(* Let $a,b\in\mathbb{C}$ and suppose $\cdot_\lambda\cdot$ is a compatible left-symmetric conformal algebraic structure on $\mathcal{W}(a,b)=\mathbb{C}[\partial]L\oplus\mathbb{C}[\partial]W$ such that $\mathbb{C}[\partial]L$ is a left-symmetric conformal subalgebra. Let $c\in\mathbb{C}$ be such that $L_\lambda L=(\partial+\lambda+c)L$, and write $L_\lambda W=g_1(\lambda,\partial)L+g_2(\lambda,\partial)W$, $W_\lambda L=h_1(\lambda,\partial)L+h_2(\lambda,\partial)W$ with $g_i,h_i\in\mathbb{C}[\lambda,\partial]$. Then exactly one of the following holds: (A) $g_2(\lambda,\partial)=\partial+a\lambda+b$ and $h_2(\lambda,\partial)=0$; (B) $g_2(\lambda,\partial)=\partial+a\lambda+b+c$ and $h_2(\lambda,\partial)=c$, with $c\neq0$; (C) $g_2(\lambda,\partial)=\partial+(a-1)\lambda+b+c$ and $h_2(\lambda,\partial)=\partial+\lambda+c$.
   Context: A conformal algebra is a $\mathbb{C}[\partial]$-module $R$ with a $\mathbb{C}$-bilinear map $R\times R\to R[\lambda]$, $(x,y)\mapsto x_\lambda y$, satisfying $(\partial x)_\lambda y=-\lambda\, x_\lambda y$ and $x_\lambda(\partial y)=(\partial+\lambda)\,x_\lambda y$. For $x,y\in R$, $y_{-\lambda-\partial}x$ means: write $y_\mu x=\sum_j \mu^j z_j$ and set $y_{-\lambda-\partial}x=\sum_j(-\lambda-\partial)^j z_j$. A left-symmetric conformal algebra is a conformal algebra with $(x_\lambda y)_{\lambda+\mu}z-x_\lambda(y_\mu z)=(y_\mu x)_{\lambda+\mu}z-y_\mu(x_\lambda z)$. A compatible left-symmetric conformal algebraic structure on a Lie conformal algebra $(R,[\cdot_\lambda\cdot])$ is a left-symmetric conformal product on the same $\mathbb{C}[\partial]$-module with $x_\lambda y-y_{-\lambda-\partial}x=[x_\lambda y]$ for all $x,y$. $\mathcal{W}(a,b)$ is the free $\mathbb{C}[\partial]$-module with basis $L,W$ and Lie conformal brackets $[L_\lambda L]=(\partial+2\lambda)L$, $[L_\lambda W]=(\partial+a\lambda+b)W$, $[W_\lambda W]=0$. "$\mathbb{C}[\partial]L$ is a left-symmetric conformal subalgebra" means $L_\lambda L\in(\mathbb{C}[\partial]L)[\lambda]$; in that case $L_\lambda L=(\partial+\lambda+c)L$ for some $c\in\mathbb{C}$ (every compatible left-symmetric conformal structure on the Virasoro conformal algebra $\mathbb{C}[\partial]L$, $[L_\lambda L]=(\partial+2\lambda)L$, has this form). *)

theory Defs
  imports "HOL-Computational_Algebra.Polynomial" "HOL-Library.Product_Plus"
begin

text \<open>
  The free C[d]-module R = C[d]L + C[d]W is represented by pairs (p, q) of complex
  polynomials in d (coefficient of L, coefficient of W).
  R[lam] is represented by pairs of bivariate polynomials "complex poly poly":
  the outer variable is lam, the inner (coefficient) variable is d.
  R[lam, mu] is represented by pairs of "complex poly poly poly":
  outer variable lam, middle variable mu, inner variable d.
\<close>

type_synonym celt = "complex poly \<times> complex poly"
type_synonym celt1 = "complex poly poly \<times> complex poly poly"
type_synonym celt2 = "complex poly poly poly \<times> complex poly poly poly"

definition eL :: celt where "eL = (1, 0)"
definition eW :: celt where "eW = (0, 1)"

definition dR :: "celt \<Rightarrow> celt" where "dR x = ([:0, 1:] * fst x, [:0, 1:] * snd x)"
definition smR :: "complex \<Rightarrow> celt \<Rightarrow> celt" where "smR c x = (smult c (fst x), smult c (snd x))"

definition lam1 :: "complex poly poly" where "lam1 = [:0, 1:]"
definition del1 :: "complex poly poly" where "del1 = [:[:0, 1:]:]"
definition cst1 :: "complex \<Rightarrow> complex poly poly" where "cst1 c = [:[:c:]:]"
definition sc1 :: "complex poly poly \<Rightarrow> celt1 \<Rightarrow> celt1" where "sc1 f u = (f * fst u, f * snd u)"

definition coef1 :: "celt1 \<Rightarrow> nat \<Rightarrow> celt" where "coef1 u j = (coeff (fst u) j, coeff (snd u) j)"
definition deg1 :: "celt1 \<Rightarrow> nat" where "deg1 u = max (degree (fst u)) (degree (snd u))"

definition is_conformal_product :: "(celt \<Rightarrow> celt \<Rightarrow> celt1) \<Rightarrow> bool" where
  "is_conformal_product pr \<longleftrightarrow>
     (\<forall>x y z. pr (x + y) z = pr x z + pr y z) \<and>
     (\<forall>x y z. pr x (y + z) = pr x y + pr x z) \<and>
     (\<forall>c x y. pr (smR c x) y = sc1 (cst1 c) (pr x y)) \<and>
     (\<forall>c x y. pr x (smR c y) = sc1 (cst1 c) (pr x y)) \<and>
     (\<forall>x y. pr (dR x) y = sc1 (- lam1) (pr x y)) \<and>
     (\<forall>x y. pr x (dR y) = sc1 (del1 + lam1) (pr x y))"

text \<open>given u = y_mu x = sum_j mu^j z_j, this is y_{-lam-d} x = sum_j (-lam-d)^j z_j\<close>
definition subst_neg :: "celt1 \<Rightarrow> celt1" where
  "subst_neg u = (pcompose (fst u) (- lam1 - del1), pcompose (snd u) (- lam1 - del1))"

definition lamT :: "complex poly poly poly" where "lamT = [:0, 1:]"
definition muT :: "complex poly poly poly" where "muT = [:[:0, 1:]:]"
definition sc2 :: "complex poly poly poly \<Rightarrow> celt2 \<Rightarrow> celt2" where "sc2 f v = (f * fst v, f * snd v)"

text \<open>embed P(nu, d) as P(lam, d), resp. as P(mu, d), resp. as P(lam+mu, d)\<close>
definition toL :: "complex poly poly \<Rightarrow> complex poly poly poly" where
  "toL P = map_poly (\<lambda>c. [:c:]) P"
definition toM :: "complex poly poly \<Rightarrow> complex poly poly poly" where
  "toM P = [:P:]"
definition toLM :: "complex poly poly \<Rightarrow> complex poly poly poly" where
  "toLM P = pcompose (toL P) (lamT + muT)"
definition map2 :: "(complex poly poly \<Rightarrow> complex poly poly poly) \<Rightarrow> celt1 \<Rightarrow> celt2" where
  "map2 f u = (f (fst u), f (snd u))"

text \<open>(x_v y)_{lam+mu} z where v (= lamT or muT) is the variable attached to x:
  if x_v y = sum_j v^j z_j, this is sum_j v^j (z_j)_{lam+mu} z\<close>
definition comp_prod :: "(celt \<Rightarrow> celt \<Rightarrow> celt1) \<Rightarrow> complex poly poly poly \<Rightarrow> celt \<Rightarrow> celt \<Rightarrow> celt \<Rightarrow> celt2" where
  "comp_prod pr v x y z =
     (\<Sum>j\<le>deg1 (pr x y). sc2 (v ^ j) (map2 toLM (pr (coef1 (pr x y) j) z)))"

text \<open>x_{vx}(y_{vy} z): if y_{vy} z = sum_k vy^k w_k, this is sum_k vy^k x_{vx} w_k,
  where ex embeds the product x_{vx} w_k into the variable vx\<close>
definition nest_prod :: "(celt \<Rightarrow> celt \<Rightarrow> celt1) \<Rightarrow> (complex poly poly \<Rightarrow> complex poly poly poly)
    \<Rightarrow> complex poly poly poly \<Rightarrow> celt \<Rightarrow> celt \<Rightarrow> celt \<Rightarrow> celt2" where
  "nest_prod pr ex vy x y z =
     (\<Sum>k\<le>deg1 (pr y z). sc2 (vy ^ k) (map2 ex (pr x (coef1 (pr y z) k))))"

text \<open>(x_lam y)_{lam+mu} z - x_lam (y_mu z) = (y_mu x)_{lam+mu} z - y_mu (x_lam z)\<close>
definition left_symmetric :: "(celt \<Rightarrow> celt \<Rightarrow> celt1) \<Rightarrow> bool" where
  "left_symmetric pr \<longleftrightarrow>
     (\<forall>x y z. comp_prod pr lamT x y z - nest_prod pr toL muT x y z =
              comp_prod pr muT y x z - nest_prod pr toM lamT y x z)"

####################

Take each line of the material above that holds the string "lamT" and copy it.

> TASK SOLUTION
definition lamT :: "complex poly poly poly" where "lamT = [:0, 1:]"
  "toLM P = pcompose (toL P) (lamT + muT)"
text \<open>(x_v y)_{lam+mu} z where v (= lamT or muT) is the variable attached to x:
     (\<forall>x y z. comp_prod pr lamT x y z - nest_prod pr toL muT x y z =
              comp_prod pr muT y x z - nest_prod pr toM lamT y x z)"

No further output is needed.